About this exercise: Below is a listing. Set down exactly the lines from the one containing "text \<open>Law of" through the one containing "(\<integral>\<^sup>+x. (\<integral>\<^sup>+a. (\<Sum>y<K.", both ends included, and leave out the rest.

----- Task input -----

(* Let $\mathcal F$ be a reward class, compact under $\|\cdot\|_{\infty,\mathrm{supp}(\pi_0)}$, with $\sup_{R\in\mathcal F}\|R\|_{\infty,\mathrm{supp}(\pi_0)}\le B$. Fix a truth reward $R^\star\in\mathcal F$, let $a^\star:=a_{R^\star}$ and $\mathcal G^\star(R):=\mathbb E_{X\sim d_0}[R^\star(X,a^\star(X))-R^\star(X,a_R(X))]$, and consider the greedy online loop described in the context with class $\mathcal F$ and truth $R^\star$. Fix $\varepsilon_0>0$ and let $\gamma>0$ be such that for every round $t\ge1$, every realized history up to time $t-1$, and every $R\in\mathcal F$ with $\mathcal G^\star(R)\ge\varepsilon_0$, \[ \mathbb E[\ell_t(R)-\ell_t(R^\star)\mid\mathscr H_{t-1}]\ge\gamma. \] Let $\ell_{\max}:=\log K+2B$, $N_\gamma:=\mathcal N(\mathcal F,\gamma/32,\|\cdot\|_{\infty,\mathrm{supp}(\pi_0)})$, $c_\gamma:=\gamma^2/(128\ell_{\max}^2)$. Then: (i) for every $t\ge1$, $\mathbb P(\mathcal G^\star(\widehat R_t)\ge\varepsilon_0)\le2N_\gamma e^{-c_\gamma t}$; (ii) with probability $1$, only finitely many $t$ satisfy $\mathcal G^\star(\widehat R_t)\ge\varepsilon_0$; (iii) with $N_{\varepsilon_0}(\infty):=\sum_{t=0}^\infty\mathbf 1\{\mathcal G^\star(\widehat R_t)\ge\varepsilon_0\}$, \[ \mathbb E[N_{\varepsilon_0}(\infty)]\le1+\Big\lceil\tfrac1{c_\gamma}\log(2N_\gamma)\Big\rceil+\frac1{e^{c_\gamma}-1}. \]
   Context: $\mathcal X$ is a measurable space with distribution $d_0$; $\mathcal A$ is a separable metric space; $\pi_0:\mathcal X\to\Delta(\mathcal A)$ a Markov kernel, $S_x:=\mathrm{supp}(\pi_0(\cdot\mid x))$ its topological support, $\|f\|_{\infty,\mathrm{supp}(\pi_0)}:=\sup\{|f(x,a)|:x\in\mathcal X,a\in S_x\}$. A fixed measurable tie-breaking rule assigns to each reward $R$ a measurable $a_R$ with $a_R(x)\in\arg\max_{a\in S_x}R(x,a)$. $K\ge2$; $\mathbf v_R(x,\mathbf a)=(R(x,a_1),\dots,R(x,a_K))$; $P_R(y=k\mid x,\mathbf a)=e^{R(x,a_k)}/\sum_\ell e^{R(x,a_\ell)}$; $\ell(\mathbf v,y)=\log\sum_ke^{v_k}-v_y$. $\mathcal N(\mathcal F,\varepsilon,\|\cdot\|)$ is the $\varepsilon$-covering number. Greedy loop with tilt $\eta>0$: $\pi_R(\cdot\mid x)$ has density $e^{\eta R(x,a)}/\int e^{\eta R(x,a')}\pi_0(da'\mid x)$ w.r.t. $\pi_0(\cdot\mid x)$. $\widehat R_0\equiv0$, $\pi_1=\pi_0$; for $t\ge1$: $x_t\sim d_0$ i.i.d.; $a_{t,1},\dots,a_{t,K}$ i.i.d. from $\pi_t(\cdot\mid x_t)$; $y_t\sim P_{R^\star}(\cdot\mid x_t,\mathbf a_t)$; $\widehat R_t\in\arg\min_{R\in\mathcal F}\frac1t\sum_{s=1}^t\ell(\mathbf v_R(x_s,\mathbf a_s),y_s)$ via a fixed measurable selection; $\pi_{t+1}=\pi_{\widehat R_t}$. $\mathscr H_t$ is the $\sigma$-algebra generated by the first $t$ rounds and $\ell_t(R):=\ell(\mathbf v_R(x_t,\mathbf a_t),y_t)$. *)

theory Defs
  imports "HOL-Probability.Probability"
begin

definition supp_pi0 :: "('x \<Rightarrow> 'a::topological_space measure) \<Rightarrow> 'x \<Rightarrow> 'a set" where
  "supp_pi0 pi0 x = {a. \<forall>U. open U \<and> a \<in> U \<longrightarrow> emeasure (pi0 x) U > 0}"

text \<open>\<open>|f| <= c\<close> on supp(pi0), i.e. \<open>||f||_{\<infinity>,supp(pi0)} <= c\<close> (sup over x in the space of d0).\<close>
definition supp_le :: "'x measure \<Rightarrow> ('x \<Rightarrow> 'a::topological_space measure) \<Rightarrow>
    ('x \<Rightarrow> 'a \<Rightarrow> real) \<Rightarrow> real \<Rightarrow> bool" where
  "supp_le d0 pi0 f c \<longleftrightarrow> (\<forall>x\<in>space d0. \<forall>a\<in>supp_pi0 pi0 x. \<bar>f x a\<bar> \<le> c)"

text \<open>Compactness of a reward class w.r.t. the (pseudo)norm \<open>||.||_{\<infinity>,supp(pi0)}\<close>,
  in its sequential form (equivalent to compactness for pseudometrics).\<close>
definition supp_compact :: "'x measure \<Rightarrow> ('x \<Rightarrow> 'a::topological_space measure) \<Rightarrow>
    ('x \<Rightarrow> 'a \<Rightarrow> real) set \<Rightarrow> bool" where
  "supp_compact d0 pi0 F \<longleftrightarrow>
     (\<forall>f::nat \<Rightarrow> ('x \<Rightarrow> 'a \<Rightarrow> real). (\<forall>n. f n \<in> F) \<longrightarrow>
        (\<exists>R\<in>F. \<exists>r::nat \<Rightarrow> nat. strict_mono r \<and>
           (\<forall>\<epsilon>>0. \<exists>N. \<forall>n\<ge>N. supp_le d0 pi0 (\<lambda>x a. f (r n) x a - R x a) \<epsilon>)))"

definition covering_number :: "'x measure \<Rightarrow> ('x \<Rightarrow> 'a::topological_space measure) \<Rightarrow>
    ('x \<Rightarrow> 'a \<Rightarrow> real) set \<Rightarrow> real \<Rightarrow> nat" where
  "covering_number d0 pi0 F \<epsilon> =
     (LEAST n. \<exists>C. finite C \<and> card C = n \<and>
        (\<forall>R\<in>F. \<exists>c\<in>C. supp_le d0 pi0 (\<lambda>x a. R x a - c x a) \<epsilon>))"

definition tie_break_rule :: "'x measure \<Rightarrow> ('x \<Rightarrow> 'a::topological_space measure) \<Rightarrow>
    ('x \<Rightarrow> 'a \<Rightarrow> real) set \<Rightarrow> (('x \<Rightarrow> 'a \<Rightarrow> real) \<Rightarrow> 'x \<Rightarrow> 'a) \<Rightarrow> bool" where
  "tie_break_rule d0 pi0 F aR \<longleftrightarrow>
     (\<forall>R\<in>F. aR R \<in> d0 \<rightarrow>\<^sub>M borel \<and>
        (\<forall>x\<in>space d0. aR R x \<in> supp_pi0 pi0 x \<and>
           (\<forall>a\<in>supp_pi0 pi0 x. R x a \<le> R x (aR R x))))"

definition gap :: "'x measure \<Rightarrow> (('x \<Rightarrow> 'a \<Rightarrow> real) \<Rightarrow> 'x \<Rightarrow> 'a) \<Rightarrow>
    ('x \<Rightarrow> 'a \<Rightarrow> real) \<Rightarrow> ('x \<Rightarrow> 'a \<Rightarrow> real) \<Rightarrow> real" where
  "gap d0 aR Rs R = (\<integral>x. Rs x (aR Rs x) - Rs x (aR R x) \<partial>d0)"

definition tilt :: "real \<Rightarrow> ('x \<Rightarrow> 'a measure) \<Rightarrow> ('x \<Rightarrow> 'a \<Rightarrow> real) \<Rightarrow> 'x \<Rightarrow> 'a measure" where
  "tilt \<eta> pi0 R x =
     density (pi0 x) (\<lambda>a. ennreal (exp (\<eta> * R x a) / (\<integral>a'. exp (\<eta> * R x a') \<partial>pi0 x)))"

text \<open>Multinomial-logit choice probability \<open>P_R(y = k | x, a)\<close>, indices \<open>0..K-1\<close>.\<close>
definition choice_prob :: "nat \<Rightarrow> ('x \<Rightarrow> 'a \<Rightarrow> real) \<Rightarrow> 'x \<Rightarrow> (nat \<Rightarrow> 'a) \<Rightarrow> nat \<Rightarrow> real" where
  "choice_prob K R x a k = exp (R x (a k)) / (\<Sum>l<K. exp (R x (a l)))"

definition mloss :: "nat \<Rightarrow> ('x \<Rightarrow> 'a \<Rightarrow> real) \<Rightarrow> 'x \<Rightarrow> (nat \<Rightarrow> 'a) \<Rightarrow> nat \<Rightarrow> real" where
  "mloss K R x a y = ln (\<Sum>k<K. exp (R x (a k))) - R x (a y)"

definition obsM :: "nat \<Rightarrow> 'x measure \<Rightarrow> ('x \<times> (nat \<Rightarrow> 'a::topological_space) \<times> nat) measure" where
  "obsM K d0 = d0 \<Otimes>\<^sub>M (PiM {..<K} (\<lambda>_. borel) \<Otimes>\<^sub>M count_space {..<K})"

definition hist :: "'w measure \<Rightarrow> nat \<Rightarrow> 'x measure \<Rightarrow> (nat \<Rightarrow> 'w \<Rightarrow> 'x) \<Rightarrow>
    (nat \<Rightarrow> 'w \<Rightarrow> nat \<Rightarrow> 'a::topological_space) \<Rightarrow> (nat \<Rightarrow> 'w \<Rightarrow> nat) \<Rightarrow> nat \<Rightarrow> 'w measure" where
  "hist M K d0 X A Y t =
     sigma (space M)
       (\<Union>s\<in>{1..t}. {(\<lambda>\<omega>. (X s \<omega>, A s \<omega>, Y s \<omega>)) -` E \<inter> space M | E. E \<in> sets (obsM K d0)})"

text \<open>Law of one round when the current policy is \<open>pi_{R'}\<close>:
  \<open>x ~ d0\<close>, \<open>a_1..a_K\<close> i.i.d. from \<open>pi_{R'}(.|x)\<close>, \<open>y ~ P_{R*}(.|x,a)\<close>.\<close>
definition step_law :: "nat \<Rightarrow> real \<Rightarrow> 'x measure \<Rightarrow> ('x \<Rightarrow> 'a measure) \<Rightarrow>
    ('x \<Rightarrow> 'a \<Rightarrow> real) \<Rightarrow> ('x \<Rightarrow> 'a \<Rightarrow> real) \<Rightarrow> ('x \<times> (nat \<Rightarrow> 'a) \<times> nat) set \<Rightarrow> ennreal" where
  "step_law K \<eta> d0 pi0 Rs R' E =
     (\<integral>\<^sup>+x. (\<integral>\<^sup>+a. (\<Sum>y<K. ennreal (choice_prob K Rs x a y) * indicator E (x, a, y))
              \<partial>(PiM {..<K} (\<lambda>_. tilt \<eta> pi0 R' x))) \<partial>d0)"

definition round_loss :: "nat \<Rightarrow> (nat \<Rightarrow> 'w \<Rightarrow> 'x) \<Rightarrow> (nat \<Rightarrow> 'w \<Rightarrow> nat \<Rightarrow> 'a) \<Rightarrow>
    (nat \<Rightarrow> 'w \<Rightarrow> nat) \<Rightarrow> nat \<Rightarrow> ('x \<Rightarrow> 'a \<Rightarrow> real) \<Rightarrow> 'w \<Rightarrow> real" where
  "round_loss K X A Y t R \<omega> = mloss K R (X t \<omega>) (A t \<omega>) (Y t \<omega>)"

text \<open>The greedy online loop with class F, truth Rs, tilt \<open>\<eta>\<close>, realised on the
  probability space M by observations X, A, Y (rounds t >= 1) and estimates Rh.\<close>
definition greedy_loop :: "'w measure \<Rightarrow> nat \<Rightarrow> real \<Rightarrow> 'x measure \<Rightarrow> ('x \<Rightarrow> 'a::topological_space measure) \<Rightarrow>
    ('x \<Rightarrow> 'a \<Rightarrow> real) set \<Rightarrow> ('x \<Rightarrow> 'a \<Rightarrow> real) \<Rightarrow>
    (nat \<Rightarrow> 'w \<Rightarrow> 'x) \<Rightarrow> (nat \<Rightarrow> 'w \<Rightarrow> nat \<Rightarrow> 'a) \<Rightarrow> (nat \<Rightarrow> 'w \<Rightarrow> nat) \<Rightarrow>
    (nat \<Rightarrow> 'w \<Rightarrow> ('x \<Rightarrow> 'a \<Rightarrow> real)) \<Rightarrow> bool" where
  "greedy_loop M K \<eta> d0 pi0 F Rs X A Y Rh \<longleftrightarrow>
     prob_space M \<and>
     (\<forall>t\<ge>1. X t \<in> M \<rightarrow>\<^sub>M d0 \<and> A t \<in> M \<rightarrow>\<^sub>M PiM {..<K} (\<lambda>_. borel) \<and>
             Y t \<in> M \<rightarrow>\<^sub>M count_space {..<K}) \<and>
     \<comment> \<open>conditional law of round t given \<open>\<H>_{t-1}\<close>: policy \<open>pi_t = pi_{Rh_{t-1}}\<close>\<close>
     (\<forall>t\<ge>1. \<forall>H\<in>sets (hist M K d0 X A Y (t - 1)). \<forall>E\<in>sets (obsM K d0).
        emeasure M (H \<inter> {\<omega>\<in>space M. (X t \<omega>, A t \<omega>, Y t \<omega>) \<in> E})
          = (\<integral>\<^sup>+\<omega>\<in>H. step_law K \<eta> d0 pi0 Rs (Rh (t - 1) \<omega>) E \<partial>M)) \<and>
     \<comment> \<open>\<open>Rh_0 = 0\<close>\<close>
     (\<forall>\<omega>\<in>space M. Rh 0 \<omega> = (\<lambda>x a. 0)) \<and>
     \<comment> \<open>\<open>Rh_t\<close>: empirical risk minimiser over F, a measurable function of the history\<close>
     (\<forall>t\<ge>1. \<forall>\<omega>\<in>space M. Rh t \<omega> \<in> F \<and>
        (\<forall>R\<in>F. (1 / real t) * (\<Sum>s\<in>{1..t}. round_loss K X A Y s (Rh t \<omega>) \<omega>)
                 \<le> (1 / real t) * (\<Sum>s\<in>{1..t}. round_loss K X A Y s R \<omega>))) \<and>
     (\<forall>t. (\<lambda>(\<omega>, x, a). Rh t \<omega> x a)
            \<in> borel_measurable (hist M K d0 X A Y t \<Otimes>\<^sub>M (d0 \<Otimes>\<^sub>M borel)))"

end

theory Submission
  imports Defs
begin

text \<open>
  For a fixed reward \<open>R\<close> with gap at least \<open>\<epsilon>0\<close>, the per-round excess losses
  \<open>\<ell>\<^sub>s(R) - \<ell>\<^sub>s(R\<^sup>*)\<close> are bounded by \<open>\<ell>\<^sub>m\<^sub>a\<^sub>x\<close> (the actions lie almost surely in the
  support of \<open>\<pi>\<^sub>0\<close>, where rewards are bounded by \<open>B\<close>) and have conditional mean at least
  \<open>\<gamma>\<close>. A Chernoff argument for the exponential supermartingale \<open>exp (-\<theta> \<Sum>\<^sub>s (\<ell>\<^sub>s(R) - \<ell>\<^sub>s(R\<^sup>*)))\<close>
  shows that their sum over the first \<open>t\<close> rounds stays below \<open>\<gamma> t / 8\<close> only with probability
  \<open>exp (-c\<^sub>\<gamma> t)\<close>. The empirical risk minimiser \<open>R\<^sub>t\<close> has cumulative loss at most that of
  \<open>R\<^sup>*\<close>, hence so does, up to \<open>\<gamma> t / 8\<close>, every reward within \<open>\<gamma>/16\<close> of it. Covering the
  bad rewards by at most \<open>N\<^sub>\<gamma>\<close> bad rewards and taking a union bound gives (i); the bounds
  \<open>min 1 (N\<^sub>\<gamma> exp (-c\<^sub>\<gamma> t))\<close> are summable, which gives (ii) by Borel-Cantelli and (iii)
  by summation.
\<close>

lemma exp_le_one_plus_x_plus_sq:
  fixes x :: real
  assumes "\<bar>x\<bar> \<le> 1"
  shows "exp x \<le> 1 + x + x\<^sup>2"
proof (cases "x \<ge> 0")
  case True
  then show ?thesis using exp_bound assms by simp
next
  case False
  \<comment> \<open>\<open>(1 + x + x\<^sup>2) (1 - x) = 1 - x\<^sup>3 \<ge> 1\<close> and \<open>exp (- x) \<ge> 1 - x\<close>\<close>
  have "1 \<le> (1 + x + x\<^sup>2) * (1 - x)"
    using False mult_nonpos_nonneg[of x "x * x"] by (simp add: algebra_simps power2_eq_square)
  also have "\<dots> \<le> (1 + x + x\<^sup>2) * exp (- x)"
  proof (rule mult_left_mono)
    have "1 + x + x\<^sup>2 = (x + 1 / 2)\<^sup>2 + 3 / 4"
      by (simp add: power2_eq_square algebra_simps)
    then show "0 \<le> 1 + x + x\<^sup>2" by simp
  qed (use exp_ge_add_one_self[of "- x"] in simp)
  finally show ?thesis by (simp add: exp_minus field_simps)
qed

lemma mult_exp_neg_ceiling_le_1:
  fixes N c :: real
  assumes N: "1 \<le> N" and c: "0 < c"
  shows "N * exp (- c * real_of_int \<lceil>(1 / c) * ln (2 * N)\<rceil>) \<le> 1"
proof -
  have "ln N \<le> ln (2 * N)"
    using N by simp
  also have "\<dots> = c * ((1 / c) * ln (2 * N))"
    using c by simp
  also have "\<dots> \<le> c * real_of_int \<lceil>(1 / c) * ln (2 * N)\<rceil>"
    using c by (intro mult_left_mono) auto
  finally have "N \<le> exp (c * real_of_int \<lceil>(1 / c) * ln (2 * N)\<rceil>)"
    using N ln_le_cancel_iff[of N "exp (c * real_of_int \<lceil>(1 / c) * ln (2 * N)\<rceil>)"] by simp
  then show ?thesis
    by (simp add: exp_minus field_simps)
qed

-----

Exercise response:
text \<open>Law of one round when the current policy is \<open>pi_{R'}\<close>:
  \<open>x ~ d0\<close>, \<open>a_1..a_K\<close> i.i.d. from \<open>pi_{R'}(.|x)\<close>, \<open>y ~ P_{R*}(.|x,a)\<close>.\<close>
definition step_law :: "nat \<Rightarrow> real \<Rightarrow> 'x measure \<Rightarrow> ('x \<Rightarrow> 'a measure) \<Rightarrow>
    ('x \<Rightarrow> 'a \<Rightarrow> real) \<Rightarrow> ('x \<Rightarrow> 'a \<Rightarrow> real) \<Rightarrow> ('x \<times> (nat \<Rightarrow> 'a) \<times> nat) set \<Rightarrow> ennreal" where
  "step_law K \<eta> d0 pi0 Rs R' E =
     (\<integral>\<^sup>+x. (\<integral>\<^sup>+a. (\<Sum>y<K. ennreal (choice_prob K Rs x a y) * indicator E (x, a, y))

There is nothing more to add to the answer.